# Well Experienced & Always Looking to Learn



## DigitalDJ21 (Dec 21, 2009)

Hey I'm Brett, just wanted to introduce myself. I've been doing work in the technical theater industry for about seven years now. I have been the technical director at my high school since the age of 14, my freshman year when the former technical director got fired. I run a tech crew of students at the high school, on average we have about ten people on crew. Along with the crew and my tech consultant, I run about 100 events and shows in the theater every year between September and June. I am certified on the Yamaha M7CL Digital Audio Console, and I have experience on a number of lighting boards including, ETC Expression Series, Hog Series, and Martin Light Jockey I & II. I also run my own DJ company and have been DJ'n for four years now.

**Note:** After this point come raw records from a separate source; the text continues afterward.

lemma (in group) has_mitosisE:
  assumes "has_mitosis G H" "H \<subseteq> carrier G" "a \<in> H"
  obtains s c d where "s \<in> carrier G" "c \<in> carrier G" "d \<in> carrier G"
    "s \<otimes> c = a \<otimes> s" "d \<otimes> (a \<otimes> c) = a \<otimes> d" "\<And>h. h \<in> H \<Longrightarrow> h \<otimes> c = c \<otimes> h"
proof -
  obtain s d where s: "s \<in> carrier G" and d: "d \<in> carrier G"
    and product: "a \<otimes> (inv s \<otimes> a \<otimes> s) = inv d \<otimes> a \<otimes> d"
    and commutes: "\<And>h. h \<in> H \<Longrightarrow> commutator G h (inv s \<otimes> a \<otimes> s) = \<one>"
    using assms(1,3) unfolding has_mitosis_def by blast
  define c where "c = inv s \<otimes> a \<otimes> s"
  have a: "a \<in> carrier G" using assms(2,3) by blast
  have c: "c \<in> carrier G" using a s by (simp add: c_def)
  have "s \<otimes> c = s \<otimes> inv s \<otimes> a \<otimes> s"
    using a s by (simp only: c_def m_assoc inv_closed m_closed)
  also have "\<dots> = a \<otimes> s" using a s by simp
  finally have conj_c: "s \<otimes> c = a \<otimes> s" .
  have "d \<otimes> (a \<otimes> c) = d \<otimes> inv d \<otimes> a \<otimes> d"
    using a d by (simp only: c_def product m_assoc inv_closed m_closed)
  also have "\<dots> = a \<otimes> d" using a d by simp
  finally have conj_ac: "d \<otimes> (a \<otimes> c) = a \<otimes> d" .
  have "h \<otimes> c = c \<otimes> h" if "h \<in> H" for h
  proof -
    have "commutator G h c = \<one>" using commutes[OF that] by (simp only: c_def)
    then show ?thesis using commutator_eq_one_iff[of h c] c that assms(2) by blast
  qed
  then show ?thesis using that s c d conj_c conj_ac by blast
qed

definition bump :: "real \<Rightarrow> real \<Rightarrow> real" where
  "bump t x = x + max 0 (min (x - t) (t + 1 - x)) / 2"
lemma hoffman_ext: "hoffman_graph ext"
  unfolding hoffman_graph_def ext_simps
proof (intro conjI)
  show "finite (Inl ` hV G \<union> fats)" using finite_V by (simp add: fats_def nbrs_def)
  show "\<forall>x y. ext_edge x y \<longrightarrow> x \<in> Inl ` hV G \<union> fats \<and> y \<in> Inl ` hV G \<union> fats"
    unfolding ext_edge_def fats_def nbrs_def using edge_in_V v_in by blast
  show "\<forall>x y. ext_edge x y \<longrightarrow> ext_edge y x" unfolding ext_edge_def using edge_sym by blast
  show "\<forall>x. \<not> ext_edge x x" unfolding ext_edge_def using edge_irrefl by auto
  show "\<forall>f\<in>fats. \<exists>s\<in>slim ext. ext_edge f s"
    using fat_nbr_of_fat v_in by (fastforce simp: slim_def)
  show "\<forall>f\<in>fats. \<forall>g\<in>fats. \<not> ext_edge f g" by (auto simp: ext_edge_def fats_def fat_def)
qed auto

lemma G_induced_sub_ext: "induced_sub (hmap Inl G) ext"
proof -
  have "hmap Inl G = induced ext (Inl ` hV G)"
    unfolding hmap_def induced_def using edge_in_V no_fat by (auto intro!: ext)
  moreover have "induced_sub (induced ext (Inl ` hV G)) ext"
    by (rule induced_sub_induced[OF hoffman_ext]) auto
  ultimately show ?thesis by simp
qed

lemma slim_G: "slim (hmap Inl G) = Inl ` hV G"
  by (simp add: slim_def hmap_def no_fat)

For more specifics on my technical experience please feel free to contact me or reefer to my profile biography. I'm here to learn from others, and lend a helping hand wherever I can.

Thanks,

Brett


----------



## DaveySimps (Dec 22, 2009)

Welcome Brett! Thanks for taking the time to register and introduce yourself. Do not hesitate to jump in and start posting. Enjoy CB!

~Dave


----------



## Goph704 (Dec 22, 2009)

Hello hello. 
Welcome to the Control booth!! You've got the best online place to learn and grow as a tech. I've been using control booth for the past three years ever since I got my BA. Just for reference sake what's the name of your company?


----------



## DigitalDJ21 (Dec 22, 2009)

My personal companies name is Action Packed Productions & Entertainment, however we are strictly advertising by word of mouth. This is because the two of us that run it will be in two separate colleges next year and we don't want the company to be in a specified region.

I also sub contract for a number of companies such as Michael Lazar DJ Entertainment, and DJ's Available. I've worked at Six Flags Great Adventure as a technician for two seasons, and I spend most of my year as the hired tech director at my high school.


----------